## AIM OF THE TASK
Scan the entries below for the word "longleftrightarrow" and copy every line in which it occurs.
DATASET section start
(* Bookkeeping for K_rho: how the indices 5, 6 distribute over the two factors of
   (e_j -| rho) /\ rho in the coefficient K_rho(i,j). *)
lemma split_56_off_block:
  "i \<in> idx \<Longrightarrow> i \<le> 4 \<Longrightarrow> j \<in> {5,6::nat} \<Longrightarrow> A \<subseteq> idx - {i} \<Longrightarrow> j \<notin> A \<Longrightarrow>
   {5,6} \<subseteq> insert j A \<or> {5,6} \<subseteq> idx - {i} - A"
  unfolding idx_explicit insert_iff empty_iff by (elim disjE; auto)

lemma split_56_diag_block:
  "i \<in> idx \<Longrightarrow> j \<in> idx \<Longrightarrow> (i \<le> 4 \<longleftrightarrow> j \<le> (4::nat)) \<Longrightarrow> A \<subseteq> idx - {i} \<Longrightarrow> j \<notin> A \<Longrightarrow>
   {5,6} \<subseteq> insert j A \<or> {5,6} \<subseteq> idx - {i} - A \<or>
   ((5 \<in> insert j A) \<noteq> (6 \<in> insert j A) \<and> (5 \<in> idx - {i} - A) \<noteq> (6 \<in> idx - {i} - A))"
  unfolding idx_explicit insert_iff empty_iff by (elim disjE; auto)

lemma K_mat_off_block:
  assumes rho: "no_e56 \<rho>" and i: "i \<in> idx" "i \<le> 4" and j: "j \<in> {5,6}"
  shows "K_mat \<rho> i j = 0"
proof -
  have "Defs.interior (basis_vec j) \<rho> A * \<rho> (idx - {i} - A) = 0" if A: "A \<subseteq> idx - {i}" for A
  proof (cases "j \<in> A")
    case False
    from split_56_off_block[OF i j A False]
    show ?thesis using no_e56_zero[OF rho, of "insert j A"] no_e56_zero[OF rho, of "idx - {i} - A"]
      by (auto simp: interior_basis_vec)
  qed (simp add: interior_basis_vec)
  then show ?thesis unfolding K_mat_expand by (simp add: mult.assoc sum.neutral)
qed

lemma K_mat_diag_block:
  assumes rho: "no_e56 \<rho>" and sigma: "no_e56 \<sigma>"
    and agree: "\<And>S. (5 \<in> S) \<noteq> (6 \<in> S) \<Longrightarrow> \<rho> S = \<sigma> S"
    and ij: "i \<in> idx" "j \<in> idx" "i \<le> 4 \<longleftrightarrow> j \<le> 4"
  shows "K_mat \<rho> i j = K_mat \<sigma> i j"
proof -
  have "Defs.interior (basis_vec j) \<rho> A * \<rho> (idx - {i} - A) =
        Defs.interior (basis_vec j) \<sigma> A * \<sigma> (idx - {i} - A)" if A: "A \<subseteq> idx - {i}" for A
  proof (cases "j \<in> A")
    case False
    with split_56_diag_block[OF ij A] consider "{5,6} \<subseteq> insert j A" | "{5,6} \<subseteq> idx - {i} - A"
      | "(5 \<in> insert j A) \<noteq> (6 \<in> insert j A)" "(5 \<in> idx - {i} - A) \<noteq> (6 \<in> idx - {i} - A)"
      by blast
    then show ?thesis
    proof cases
      case 1
      then show ?thesis using no_e56_zero[OF rho] no_e56_zero[OF sigma] by (auto simp: interior_basis_vec)
    next
      case 2
      then show ?thesis using no_e56_zero[OF rho] no_e56_zero[OF sigma] by (auto simp: interior_basis_vec)
    next
      case 3
      then show ?thesis using agree[of "insert j A"] agree[of "idx - {i} - A"]
        by (auto simp: interior_basis_vec)
    qed
  qed (simp add: interior_basis_vec)
  then have "(\<Sum>A\<in>Pow (idx - {i}). sgn_shuffle A (idx - {i} - A) *
        Defs.interior (basis_vec j) \<rho> A * \<rho> (idx - {i} - A)) =
      (\<Sum>A\<in>Pow (idx - {i}). sgn_shuffle A (idx - {i} - A) *
        Defs.interior (basis_vec j) \<sigma> A * \<sigma> (idx - {i} - A))"
    by (intro sum.cong) (simp_all add: mult.assoc)
  then show ?thesis unfolding K_mat_expand by simp
qed

lemma lambda_inv_mixed_only:
  assumes rho: "no_e56 \<rho>" and sigma: "no_e56 \<sigma>"
    and agree: "\<And>S. (5 \<in> S) \<noteq> (6 \<in> S) \<Longrightarrow> \<rho> S = \<sigma> S"
  shows "lambda_inv \<rho> = lambda_inv \<sigma>"
proof -
  have "K_mat \<rho> i j * K_mat \<rho> j i = K_mat \<sigma> i j * K_mat \<sigma> j i" if ij: "i \<in> idx" "j \<in> idx" for i j
  proof (cases "i \<le> 4 \<longleftrightarrow> j \<le> 4")
    case True
    then show ?thesis using K_mat_diag_block[OF rho sigma agree] ij by auto
  next
    case False
    then have "(i \<le> 4 \<and> j \<in> {5,6}) \<or> (j \<le> 4 \<and> i \<in> {5,6})" using ij by (auto simp: idx_def)
    then show ?thesis using K_mat_off_block[OF rho] K_mat_off_block[OF sigma] ij by auto
  qed
  then show ?thesis by (simp add: lambda_inv_def cong: sum.cong)
qed

lemma phi_constant_along_U4:
  assumes rho: "no_e56 \<rho>" and B: "B \<subseteq> {1,2,3,4}"
  shows "phi ori (\<lambda>S. \<rho> S + t * Defs.mono B S) = phi ori \<rho>"
proof -
  have B_zero: "Defs.mono B S = 0" if "5 \<in> S \<or> 6 \<in> S" for S
    using B that by (auto simp: Defs.mono_def)
  have "lambda_inv (\<lambda>S. \<rho> S + t * Defs.mono B S) = lambda_inv \<rho>"
    using rho B_zero by (intro lambda_inv_mixed_only) (auto simp: no_e56_def)
  then show ?thesis by (simp add: phi_def)
qed

lemma hat_no_e56:
  assumes rho: "no_e56 \<rho>" and hat: "is_hat ori \<rho> \<rho>h"
  shows "no_e56 \<rho>h"
  unfolding no_e56_def
proof (intro allI impI)
  fix S :: "nat set" assume S: "5 \<in> S" "6 \<in> S"
  show "\<rho>h S = 0"
  proof (rule ccontr)
    assume nz: "\<rho>h S \<noteq> 0"
    have fin_idx: "finite idx" by (simp add: idx_def)
    have S_idx: "S \<subseteq> idx" and card_S: "card S = 3"
      using hat nz by (auto simp: is_hat_def forms_def)
    define B where "B = idx - S"
    have B: "B \<subseteq> {1,2,3,4}" using S by (auto simp: B_def idx_explicit)
    have "card B = 3"
      using card_S S_idx fin_idx by (simp add: B_def card_Diff_subset finite_subset idx_def)
    then have "Defs.mono B \<in> forms 3" by (auto simp: forms_def Defs.mono_def B_def)
    then have "((\<lambda>t. phi ori (\<lambda>S. \<rho> S + t * Defs.mono B S)) has_real_derivative
        top_coeff (wedge \<rho>h (Defs.mono B))) (at 0)"
      using hat by (simp add: is_hat_def)
    then have "((\<lambda>t. phi ori \<rho>) has_real_derivative top_coeff (wedge \<rho>h (Defs.mono B))) (at 0)"
      by (simp add: phi_constant_along_U4[OF rho B])
    then have "top_coeff (wedge \<rho>h (Defs.mono B)) = 0"
      using DERIV_const DERIV_unique by blast
    moreover have "idx - B = S" using S_idx by (auto simp: B_def)
    ultimately show False
      using nz fin_idx by (simp add: top_coeff_def wedge_mono_right B_def)
  qed
qed

lemma CE_d_concentrated:
  assumes de: "d_into_U4 de" and omega: "no_e56 \<omega>" "\<omega> \<in> forms 3" and T: "T \<noteq> {1,2,3,4}"
  shows "CE_d de \<omega> T = 0"
proof (rule ccontr)
  assume "CE_d de \<omega> T \<noteq> 0"
  then obtain S where S: "S \<in> Pow idx" "\<omega> S * d_mono de S T \<noteq> 0"
    unfolding CE_d_def by (meson sum.not_neutral_contains_not_neutral)
  then have "\<omega> S \<noteq> 0" and "d_mono de S T \<noteq> 0" by auto
  then have card_S: "card S = 3" and not_56: "\<not> (5 \<in> S \<and> 6 \<in> S)"
    using omega by (auto simp: forms_def no_e56_def)
  obtain i where i: "i \<in> S" "S - {i} \<subseteq> T" and nz: "de i (T - (S - {i})) \<noteq> 0"
    using d_mono_nonzero[OF \<open>d_mono de S T \<noteq> 0\<close>] by blast
  define X where "X = T - (S - {i})"
  have i56: "i \<in> {5,6}" and X: "X \<subseteq> {1,2,3,4}" "card X = 2"
    using de nz by (auto simp: d_into_U4_def X_def)
  have fin_S: "finite S" using S(1) by (auto simp: idx_def intro: finite_subset)
  have S_i: "S - {i} \<subseteq> {1,2,3,4}" "card (S - {i}) = 2"
    using S(1) i56 not_56 i(1) card_S fin_S by (auto simp: idx_explicit)
  have T_split: "T = (S - {i}) \<union> X" "(S - {i}) \<inter> X = {}" using i(2) by (auto simp: X_def)
  then have "T \<subseteq> {1,2,3,4}" using S_i X by blast
  moreover have "card T = 4"
    using T_split S_i X fin_S by (simp add: card_Un_disjoint finite_subset)
  ultimately have "T = {1,2,3,4}" by (intro card_subset_eq) auto
  with T show False by simp
qed

lemma top_monomial_in_lam_sub:
  assumes "distinct ks" "e1 ` set ks \<subseteq> U" "length ks = k"
  shows "(\<lambda>T. c * Defs.mono (set ks) T) \<in> lam_sub k U"
proof -
  obtain s where s: "s \<noteq> 0" "wedge_list (map e1 ks) = (\<lambda>T. s * Defs.mono (set ks) T)"
    using wedge_list_e1[OF assms(1)] by blast
  have "map (\<lambda>l. e1 (ks ! l)) [0..<length ks] = map e1 ks"
    by (rule nth_equalityI) simp_all
  then have eq: "(\<lambda>T. c * Defs.mono (set ks) T) =
      (\<lambda>T. \<Sum>m<(1::nat). c / s * wedge_list (map (\<lambda>l. e1 (ks ! l)) [0..<length ks]) T)"
    using s by simp
  have in_U: "\<forall>m<(1::nat). \<forall>l<length ks. e1 (ks ! l) \<in> U"
    using assms(2) by auto
  show ?thesis
    unfolding lam_sub_def assms(3)[symmetric]
    by (intro CollectI exI[of _ "1::nat"] exI[of _ "\<lambda>m. c / s"] exI[of _ "\<lambda>m l. e1 (ks ! l)"] conjI)
      (rule in_U eq)+
qed

lemma e1_in_ker_d1:
  assumes de: "d_into_U4 de" and k: "k \<in> {1,2,3,4}"
  shows "e1 k \<in> ker_d1 de"
proof -
  have term_zero: "e1 k S * d_mono de S T = 0" for S T
  proof (rule ccontr)
    assume "e1 k S * d_mono de S T \<noteq> 0"
    then have "S = {k}" "d_mono de S T \<noteq> 0" by (auto simp: e1_def Defs.mono_def split: if_splits)
    then obtain i where "i \<in> S" "de i (T - (S - {i})) \<noteq> 0" using d_mono_nonzero by blast
    then have "i = k" "i \<in> {5,6}" using de \<open>S = {k}\<close> by (auto simp: d_into_U4_def)
    then show False using k by auto
  qed
  have "CE_d de (e1 k) = zero_form" by (simp only: CE_d_def zero_form_def term_zero sum.neutral_const)
  moreover have "e1 k \<in> forms 1" using k by (auto simp: e1_def forms_def Defs.mono_def idx_def)
  ultimately show ?thesis by (simp add: ker_d1_def)
qed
DATASET section end
## ANSWER
  "i \<in> idx \<Longrightarrow> j \<in> idx \<Longrightarrow> (i \<le> 4 \<longleftrightarrow> j \<le> (4::nat)) \<Longrightarrow> A \<subseteq> idx - {i} \<Longrightarrow> j \<notin> A \<Longrightarrow>
    and ij: "i \<in> idx" "j \<in> idx" "i \<le> 4 \<longleftrightarrow> j \<le> 4"
  proof (cases "i \<le> 4 \<longleftrightarrow> j \<le> 4")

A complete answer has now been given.